YCNH and…

Top Photo: Immature plumaged yellow-crowned night-heron pays visit to wetlands.

Night-herons have been observed in our wetlands four, perhaps, five times. All but one of those birds was a yellow-crowned night-heron (YCNH), the other, a black-crowned night-heron (BCNH).

Immature yellow-crowned night-heron.

Of the YCNHs, one of them arrived in May and spent most of the 2011 summer. The other birds were only seen briefly, for one or a few days each.

As you might suspect, night-herons often hunt at night and sleep away the day, so there may have been others visiting during my 15 years at the museum and I simply didn’t see them tucked in for the day. And, I’m never here during the night hours.

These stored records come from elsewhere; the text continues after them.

(* Let $G$ be a cograph with cotree $T$, and let $d$ be a non-negative integer with $d\le\chi(G)$. Set $h=\chi(G)-d$. Among all $h$-colourings of $G$ with the minimum possible number of monochromatic edges, there is one that satisfies Property 1. Property 1 requires the following for every 0-node $p$ of $T$ with children $q,r$: the colour classes within $T_q$ and within $T_r$ can each be ordered by non-increasing size so that, for every $i\in[\chi(T_p)]$, the $i$-th largest colour class of $T_q$ and the $i$-th largest colour class of $T_r$ have the same colour. Here an empty colour class is considered to have the same colour as every other class.
   Context: A cotree of a cograph $G$ is a rooted binary tree $T$ whose leaves correspond to the vertices of $G$ and whose interior nodes are labelled 0 or 1. To each node $p$ a cograph $T_p$ is associated: $T_p=K_1$ for a leaf; $T_p=T_q+T_r$ (disjoint union) if $p$ is a 0-node with children $q,r$; and $T_p=T_q\times T_r$ (join, i.e. all edges between $T_q$ and $T_r$ added) if $p$ is a 1-node with children $q,r$. The cograph associated with the root is $G$. Every cograph has a cotree. An $h$-colouring is any map $c:V(G)\to\{1,\dots,h\}$, not necessarily proper. An edge is monochromatic if both endpoints get the same colour. For a node $p$, the colour classes of $c$ in $T_p$ are the sets $c^{-1}(j)\cap V(T_p)$. *)

theory Defs
  imports Main
begin

text \<open>Cotrees: leaves are vertices, interior nodes are 0-nodes (disjoint union)
  or 1-nodes (join).\<close>
datatype 'a cotree = Leaf 'a | Node0 "'a cotree" "'a cotree" | Node1 "'a cotree" "'a cotree"

fun verts :: "'a cotree \<Rightarrow> 'a set" where
  "verts (Leaf x) = {x}"
| "verts (Node0 q r) = verts q \<union> verts r"
| "verts (Node1 q r) = verts q \<union> verts r"

fun wf_cotree :: "'a cotree \<Rightarrow> bool" where
  "wf_cotree (Leaf x) = True"
| "wf_cotree (Node0 q r) = (wf_cotree q \<and> wf_cotree r \<and> verts q \<inter> verts r = {})"
| "wf_cotree (Node1 q r) = (wf_cotree q \<and> wf_cotree r \<and> verts q \<inter> verts r = {})"

fun adj :: "'a cotree \<Rightarrow> 'a \<Rightarrow> 'a \<Rightarrow> bool" where
  "adj (Leaf x) u v = False"
| "adj (Node0 q r) u v = (adj q u v \<or> adj r u v)"
| "adj (Node1 q r) u v = (adj q u v \<or> adj r u v \<or>
      (u \<in> verts q \<and> v \<in> verts r) \<or> (u \<in> verts r \<and> v \<in> verts q))"

fun nodes :: "'a cotree \<Rightarrow> 'a cotree set" where
  "nodes (Leaf x) = {Leaf x}"
| "nodes (Node0 q r) = insert (Node0 q r) (nodes q \<union> nodes r)"
| "nodes (Node1 q r) = insert (Node1 q r) (nodes q \<union> nodes r)"

definition proper_colouring :: "'a cotree \<Rightarrow> nat \<Rightarrow> ('a \<Rightarrow> nat) \<Rightarrow> bool" where
  "proper_colouring T k c \<longleftrightarrow> (\<forall>v\<in>verts T. c v \<in> {1..k}) \<and> (\<forall>u v. adj T u v \<longrightarrow> c u \<noteq> c v)"

definition chi :: "'a cotree \<Rightarrow> nat" where
  "chi T = (LEAST k. \<exists>c. proper_colouring T k c)"

definition h_colouring :: "'a cotree \<Rightarrow> nat \<Rightarrow> ('a \<Rightarrow> nat) \<Rightarrow> bool" where
  "h_colouring T h c \<longleftrightarrow> (\<forall>v\<in>verts T. c v \<in> {1..h})"

definition mono_edges :: "'a cotree \<Rightarrow> ('a \<Rightarrow> nat) \<Rightarrow> 'a set set" where
  "mono_edges T c = {{u, v} | u v. adj T u v \<and> c u = c v}"

definition optimal_h_colouring :: "'a cotree \<Rightarrow> nat \<Rightarrow> ('a \<Rightarrow> nat) \<Rightarrow> bool" where
  "optimal_h_colouring T h c \<longleftrightarrow> h_colouring T h c \<and>
     (\<forall>c'. h_colouring T h c' \<longrightarrow> card (mono_edges T c) \<le> card (mono_edges T c'))"

definition colour_class :: "'a cotree \<Rightarrow> ('a \<Rightarrow> nat) \<Rightarrow> nat \<Rightarrow> 'a set" where
  "colour_class T c j = {v \<in> verts T. c v = j}"

text \<open>An ordering of the h colour classes of T_p by non-increasing size:
  sigma i is the colour of the i-th largest class.\<close>
definition class_ordering :: "'a cotree \<Rightarrow> nat \<Rightarrow> ('a \<Rightarrow> nat) \<Rightarrow> (nat \<Rightarrow> nat) \<Rightarrow> bool" where
  "class_ordering T h c \<sigma> \<longleftrightarrow> bij_betw \<sigma> {1..h} {1..h} \<and>
     (\<forall>i\<in>{1..h}. \<forall>j\<in>{1..h}. i \<le> j \<longrightarrow>
        card (colour_class T c (\<sigma> j)) \<le> card (colour_class T c (\<sigma> i)))"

Night herons tend to move very slowly, methodically stalking their prey, though the one below clumsily leaped into the water after a crayfish, coming up with claw only.

In deep for a crayfish.

YCNHs eat a wide variety of aquatic and marine vertebrates and invertebrates. I always think first of fiddler crabs when the diet of YCNHs comes up (those small salt marsh crabs with one dual-purpose, oversized claw (used to attract mates and scare off competition). Salt marsh is where I’ve observed YCNHs most often prior to arriving in the North Carolina Piedmont. Here, my first thought concerning YCNH diet is crayfish.

Red object in bill is crayfish claw.
Close-up of claw.

Though YCNHs nest locally, they’ve never nested in our wetland (while I’ve been here). Each time I see one here I ponder whether or not they’d return the following year with others of their kind. And, though I don’t like the idea of us having sufficient invasive red swamp crayfish in our wetlands to make that possible, I secretly hope there’s enough of the dreaded beasts present to bring the birds back for nesting. It hasn’t happened yet.

The bird was still present on August 9 as this was posted, so get out there and have a look.

Though I don’t like the crayfish, it would be nice to have breeding YCNHs in the wetlands (Note large eye, better for night hunting).

There’s been at least five green herons hunting the wetlands while the YCNH visits us. And a great egret (below) showed up this morning (8.9.23). So, you’re bound to get a good view of one or the other. Who knows what’ll show up!

Great egret (8.9.23).

2 responses to YCNH and…

  1. Sammie says:

    You did it!!! I love the pictures, You got him catching and eating the Dreaded Red Swamp Craw fish!!! Besides the beautiful one close up!

    • gregdodge says:

      I saw the heron do the same this afternoon. Stalking slow and steady, it came down with a great splash! The whole crayfish came up with the heron, but it broke off at the claw as the heron turned back towards shore to eat the beast, and a claw was all the heron got.